Your answer should be the lines of the listing that contain the word "shows".

═════ Information given

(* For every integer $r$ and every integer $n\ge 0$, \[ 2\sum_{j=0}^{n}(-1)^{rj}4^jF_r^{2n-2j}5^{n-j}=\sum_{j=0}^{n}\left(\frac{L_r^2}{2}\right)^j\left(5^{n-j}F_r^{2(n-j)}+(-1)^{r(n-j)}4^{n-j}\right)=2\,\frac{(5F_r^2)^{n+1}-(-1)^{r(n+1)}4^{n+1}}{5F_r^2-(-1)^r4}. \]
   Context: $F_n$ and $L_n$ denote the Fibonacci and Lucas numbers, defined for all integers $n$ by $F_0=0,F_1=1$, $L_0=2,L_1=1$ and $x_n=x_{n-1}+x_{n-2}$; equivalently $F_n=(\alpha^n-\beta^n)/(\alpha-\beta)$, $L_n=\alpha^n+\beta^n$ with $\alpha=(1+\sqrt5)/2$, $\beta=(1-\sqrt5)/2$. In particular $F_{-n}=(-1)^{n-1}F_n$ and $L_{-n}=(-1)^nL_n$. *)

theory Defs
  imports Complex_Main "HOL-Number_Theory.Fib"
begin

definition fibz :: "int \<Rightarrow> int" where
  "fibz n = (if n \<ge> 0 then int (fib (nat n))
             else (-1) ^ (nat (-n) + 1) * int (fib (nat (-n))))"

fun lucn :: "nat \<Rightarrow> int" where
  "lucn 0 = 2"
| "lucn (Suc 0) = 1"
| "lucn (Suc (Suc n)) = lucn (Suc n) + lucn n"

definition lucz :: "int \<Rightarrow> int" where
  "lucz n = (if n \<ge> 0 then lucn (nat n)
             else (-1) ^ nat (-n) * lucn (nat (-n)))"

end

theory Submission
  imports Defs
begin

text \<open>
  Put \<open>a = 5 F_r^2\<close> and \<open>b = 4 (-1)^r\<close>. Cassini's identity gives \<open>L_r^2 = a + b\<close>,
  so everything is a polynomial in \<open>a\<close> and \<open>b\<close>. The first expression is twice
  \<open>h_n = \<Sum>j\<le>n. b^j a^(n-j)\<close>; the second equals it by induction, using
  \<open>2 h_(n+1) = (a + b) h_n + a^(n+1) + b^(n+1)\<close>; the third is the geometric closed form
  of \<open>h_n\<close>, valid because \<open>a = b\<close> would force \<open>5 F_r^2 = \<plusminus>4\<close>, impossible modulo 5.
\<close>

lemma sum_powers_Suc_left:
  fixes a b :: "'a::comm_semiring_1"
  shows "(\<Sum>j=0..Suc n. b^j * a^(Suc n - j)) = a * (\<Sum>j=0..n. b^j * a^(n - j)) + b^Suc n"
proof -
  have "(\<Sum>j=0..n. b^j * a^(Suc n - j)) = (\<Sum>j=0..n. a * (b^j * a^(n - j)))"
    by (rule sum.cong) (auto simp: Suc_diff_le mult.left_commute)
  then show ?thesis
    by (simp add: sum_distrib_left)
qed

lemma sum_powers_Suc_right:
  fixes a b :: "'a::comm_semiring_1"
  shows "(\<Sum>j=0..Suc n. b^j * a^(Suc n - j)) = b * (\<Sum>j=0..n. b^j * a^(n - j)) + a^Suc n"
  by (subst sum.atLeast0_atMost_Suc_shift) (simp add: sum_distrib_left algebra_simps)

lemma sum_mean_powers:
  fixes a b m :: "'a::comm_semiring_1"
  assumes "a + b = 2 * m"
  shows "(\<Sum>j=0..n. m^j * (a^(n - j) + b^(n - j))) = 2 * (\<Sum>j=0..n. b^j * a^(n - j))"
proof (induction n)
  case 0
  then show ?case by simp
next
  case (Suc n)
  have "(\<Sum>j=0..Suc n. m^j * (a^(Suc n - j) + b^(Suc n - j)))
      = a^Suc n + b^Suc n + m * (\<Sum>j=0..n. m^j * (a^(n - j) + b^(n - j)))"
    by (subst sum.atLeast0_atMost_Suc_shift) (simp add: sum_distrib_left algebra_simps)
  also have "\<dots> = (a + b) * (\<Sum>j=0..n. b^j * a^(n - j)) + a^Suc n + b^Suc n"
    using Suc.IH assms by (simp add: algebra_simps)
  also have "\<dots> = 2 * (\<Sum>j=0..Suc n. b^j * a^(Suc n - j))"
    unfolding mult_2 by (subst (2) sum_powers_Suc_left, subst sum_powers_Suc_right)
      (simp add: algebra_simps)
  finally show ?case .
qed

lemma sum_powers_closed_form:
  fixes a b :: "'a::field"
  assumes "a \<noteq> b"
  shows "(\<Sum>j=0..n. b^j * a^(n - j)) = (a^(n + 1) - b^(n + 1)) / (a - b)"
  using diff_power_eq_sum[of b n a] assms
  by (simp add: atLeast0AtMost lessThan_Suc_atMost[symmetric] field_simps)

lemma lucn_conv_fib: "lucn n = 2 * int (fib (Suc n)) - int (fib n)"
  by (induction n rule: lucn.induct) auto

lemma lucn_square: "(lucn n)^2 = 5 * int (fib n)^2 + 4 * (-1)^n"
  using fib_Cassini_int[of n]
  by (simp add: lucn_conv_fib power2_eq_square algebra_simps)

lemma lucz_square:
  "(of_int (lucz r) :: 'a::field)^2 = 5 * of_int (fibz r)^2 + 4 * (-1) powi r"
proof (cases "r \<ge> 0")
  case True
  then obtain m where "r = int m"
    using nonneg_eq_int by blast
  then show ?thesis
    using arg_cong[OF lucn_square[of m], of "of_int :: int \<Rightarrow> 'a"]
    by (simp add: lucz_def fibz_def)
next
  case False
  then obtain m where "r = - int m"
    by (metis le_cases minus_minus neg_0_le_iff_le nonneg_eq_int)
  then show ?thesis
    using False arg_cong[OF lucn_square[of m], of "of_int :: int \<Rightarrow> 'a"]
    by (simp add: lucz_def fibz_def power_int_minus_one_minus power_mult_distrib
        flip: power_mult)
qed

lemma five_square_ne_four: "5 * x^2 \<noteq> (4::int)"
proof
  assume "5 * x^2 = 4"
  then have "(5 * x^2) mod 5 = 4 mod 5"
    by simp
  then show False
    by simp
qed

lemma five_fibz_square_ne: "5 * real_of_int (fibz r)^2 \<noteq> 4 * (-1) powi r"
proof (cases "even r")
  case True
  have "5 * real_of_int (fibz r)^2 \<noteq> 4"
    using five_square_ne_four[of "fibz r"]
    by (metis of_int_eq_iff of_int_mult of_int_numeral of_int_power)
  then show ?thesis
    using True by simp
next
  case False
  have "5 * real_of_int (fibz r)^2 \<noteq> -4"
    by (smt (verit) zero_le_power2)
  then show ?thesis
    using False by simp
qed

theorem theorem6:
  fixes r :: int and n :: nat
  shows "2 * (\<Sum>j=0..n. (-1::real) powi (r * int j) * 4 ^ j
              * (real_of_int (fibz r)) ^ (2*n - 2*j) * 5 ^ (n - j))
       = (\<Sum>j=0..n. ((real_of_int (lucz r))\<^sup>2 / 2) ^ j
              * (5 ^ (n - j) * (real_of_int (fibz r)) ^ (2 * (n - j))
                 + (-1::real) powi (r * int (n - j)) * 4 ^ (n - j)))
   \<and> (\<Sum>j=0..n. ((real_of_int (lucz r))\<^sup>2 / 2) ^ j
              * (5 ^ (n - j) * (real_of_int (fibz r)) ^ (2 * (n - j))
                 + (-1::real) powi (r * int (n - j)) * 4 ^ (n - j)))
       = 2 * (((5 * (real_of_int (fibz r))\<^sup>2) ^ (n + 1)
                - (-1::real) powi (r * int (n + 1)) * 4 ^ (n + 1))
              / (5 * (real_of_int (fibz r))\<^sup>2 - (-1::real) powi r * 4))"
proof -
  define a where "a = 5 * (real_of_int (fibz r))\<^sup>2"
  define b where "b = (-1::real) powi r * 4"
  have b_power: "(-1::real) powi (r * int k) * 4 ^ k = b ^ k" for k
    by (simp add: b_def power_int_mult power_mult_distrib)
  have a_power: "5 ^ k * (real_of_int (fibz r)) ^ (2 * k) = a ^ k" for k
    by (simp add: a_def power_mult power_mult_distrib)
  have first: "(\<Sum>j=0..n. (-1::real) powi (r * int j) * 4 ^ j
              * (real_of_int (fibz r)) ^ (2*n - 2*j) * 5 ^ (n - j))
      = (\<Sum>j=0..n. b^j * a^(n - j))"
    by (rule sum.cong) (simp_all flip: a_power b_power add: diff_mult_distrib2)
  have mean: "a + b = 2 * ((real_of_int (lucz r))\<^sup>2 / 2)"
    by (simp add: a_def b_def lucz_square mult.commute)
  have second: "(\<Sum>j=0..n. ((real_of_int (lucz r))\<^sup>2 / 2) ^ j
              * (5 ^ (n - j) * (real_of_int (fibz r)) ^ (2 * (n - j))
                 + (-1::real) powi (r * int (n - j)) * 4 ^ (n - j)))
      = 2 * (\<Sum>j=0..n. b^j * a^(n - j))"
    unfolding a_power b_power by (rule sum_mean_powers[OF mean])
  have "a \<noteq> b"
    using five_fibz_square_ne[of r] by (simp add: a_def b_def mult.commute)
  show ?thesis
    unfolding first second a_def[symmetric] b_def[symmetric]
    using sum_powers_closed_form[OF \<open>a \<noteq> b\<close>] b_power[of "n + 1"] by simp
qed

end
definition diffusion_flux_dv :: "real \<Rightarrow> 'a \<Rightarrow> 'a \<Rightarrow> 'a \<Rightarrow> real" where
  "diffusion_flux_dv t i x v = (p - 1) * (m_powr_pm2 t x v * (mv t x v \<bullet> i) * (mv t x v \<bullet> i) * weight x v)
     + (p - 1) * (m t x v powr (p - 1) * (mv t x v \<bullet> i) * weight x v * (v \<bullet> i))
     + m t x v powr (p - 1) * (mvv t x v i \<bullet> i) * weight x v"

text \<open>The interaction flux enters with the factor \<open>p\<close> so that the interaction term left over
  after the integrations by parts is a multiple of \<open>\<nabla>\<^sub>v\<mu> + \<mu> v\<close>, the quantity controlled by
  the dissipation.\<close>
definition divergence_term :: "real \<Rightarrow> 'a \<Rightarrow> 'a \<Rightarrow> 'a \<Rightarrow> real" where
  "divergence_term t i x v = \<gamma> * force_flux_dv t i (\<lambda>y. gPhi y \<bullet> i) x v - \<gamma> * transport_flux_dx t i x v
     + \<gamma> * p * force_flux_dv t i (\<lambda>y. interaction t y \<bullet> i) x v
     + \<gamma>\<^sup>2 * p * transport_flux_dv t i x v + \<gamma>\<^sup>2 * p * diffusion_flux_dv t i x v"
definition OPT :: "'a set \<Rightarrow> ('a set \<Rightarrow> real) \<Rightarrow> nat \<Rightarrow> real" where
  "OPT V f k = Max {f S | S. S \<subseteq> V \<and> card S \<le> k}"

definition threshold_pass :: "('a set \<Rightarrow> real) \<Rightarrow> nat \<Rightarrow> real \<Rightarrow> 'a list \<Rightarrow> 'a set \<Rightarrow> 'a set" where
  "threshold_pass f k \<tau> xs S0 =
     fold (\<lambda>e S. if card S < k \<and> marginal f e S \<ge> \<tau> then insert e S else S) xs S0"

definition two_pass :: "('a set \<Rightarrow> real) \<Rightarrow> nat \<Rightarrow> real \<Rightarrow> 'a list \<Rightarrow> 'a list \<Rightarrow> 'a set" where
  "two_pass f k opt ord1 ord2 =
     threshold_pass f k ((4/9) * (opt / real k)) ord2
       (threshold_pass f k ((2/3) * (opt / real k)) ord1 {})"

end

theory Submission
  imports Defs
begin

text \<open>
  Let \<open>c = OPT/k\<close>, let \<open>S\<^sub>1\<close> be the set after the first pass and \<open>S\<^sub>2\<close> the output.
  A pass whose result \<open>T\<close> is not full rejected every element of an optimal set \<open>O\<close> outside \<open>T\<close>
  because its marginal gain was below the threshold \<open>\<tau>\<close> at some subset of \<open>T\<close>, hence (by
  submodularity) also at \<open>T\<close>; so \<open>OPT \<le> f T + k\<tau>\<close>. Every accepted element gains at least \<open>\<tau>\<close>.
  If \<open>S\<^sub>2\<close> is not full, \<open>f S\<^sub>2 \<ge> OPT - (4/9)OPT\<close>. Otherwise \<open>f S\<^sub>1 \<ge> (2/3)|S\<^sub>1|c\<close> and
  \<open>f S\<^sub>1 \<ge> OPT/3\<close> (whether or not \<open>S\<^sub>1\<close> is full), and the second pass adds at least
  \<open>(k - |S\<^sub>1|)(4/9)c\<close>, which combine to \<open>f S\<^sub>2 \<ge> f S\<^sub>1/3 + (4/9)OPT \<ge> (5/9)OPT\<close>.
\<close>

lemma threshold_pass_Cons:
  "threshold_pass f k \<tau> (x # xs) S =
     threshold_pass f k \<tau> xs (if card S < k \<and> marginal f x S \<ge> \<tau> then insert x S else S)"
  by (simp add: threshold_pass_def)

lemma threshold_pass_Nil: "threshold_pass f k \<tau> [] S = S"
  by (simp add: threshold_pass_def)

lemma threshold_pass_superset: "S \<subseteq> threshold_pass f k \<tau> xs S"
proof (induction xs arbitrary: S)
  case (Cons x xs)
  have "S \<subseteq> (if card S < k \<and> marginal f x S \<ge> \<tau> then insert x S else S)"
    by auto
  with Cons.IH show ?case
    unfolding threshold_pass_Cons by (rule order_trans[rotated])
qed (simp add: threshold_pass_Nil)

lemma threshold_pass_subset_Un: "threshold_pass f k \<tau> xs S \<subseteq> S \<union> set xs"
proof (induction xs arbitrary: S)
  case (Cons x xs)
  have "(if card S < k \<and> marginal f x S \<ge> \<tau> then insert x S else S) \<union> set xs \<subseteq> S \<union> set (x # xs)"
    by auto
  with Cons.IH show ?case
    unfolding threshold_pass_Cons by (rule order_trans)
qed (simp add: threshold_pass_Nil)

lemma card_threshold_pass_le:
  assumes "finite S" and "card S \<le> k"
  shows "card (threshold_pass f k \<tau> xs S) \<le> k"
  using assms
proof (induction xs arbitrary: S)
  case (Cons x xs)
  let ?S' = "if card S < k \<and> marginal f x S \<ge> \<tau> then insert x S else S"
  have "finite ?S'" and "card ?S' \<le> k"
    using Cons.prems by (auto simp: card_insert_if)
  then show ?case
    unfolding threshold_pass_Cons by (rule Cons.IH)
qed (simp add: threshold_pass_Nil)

══════════

* _Result of this exercise_
  shows "(\<Sum>j=0..Suc n. b^j * a^(Suc n - j)) = a * (\<Sum>j=0..n. b^j * a^(n - j)) + b^Suc n"
  shows "(\<Sum>j=0..Suc n. b^j * a^(Suc n - j)) = b * (\<Sum>j=0..n. b^j * a^(n - j)) + a^Suc n"
  shows "(\<Sum>j=0..n. m^j * (a^(n - j) + b^(n - j))) = 2 * (\<Sum>j=0..n. b^j * a^(n - j))"
  shows "(\<Sum>j=0..n. b^j * a^(n - j)) = (a^(n + 1) - b^(n + 1)) / (a - b)"
  shows "2 * (\<Sum>j=0..n. (-1::real) powi (r * int j) * 4 ^ j
  shows "card (threshold_pass f k \<tau> xs S) \<le> k"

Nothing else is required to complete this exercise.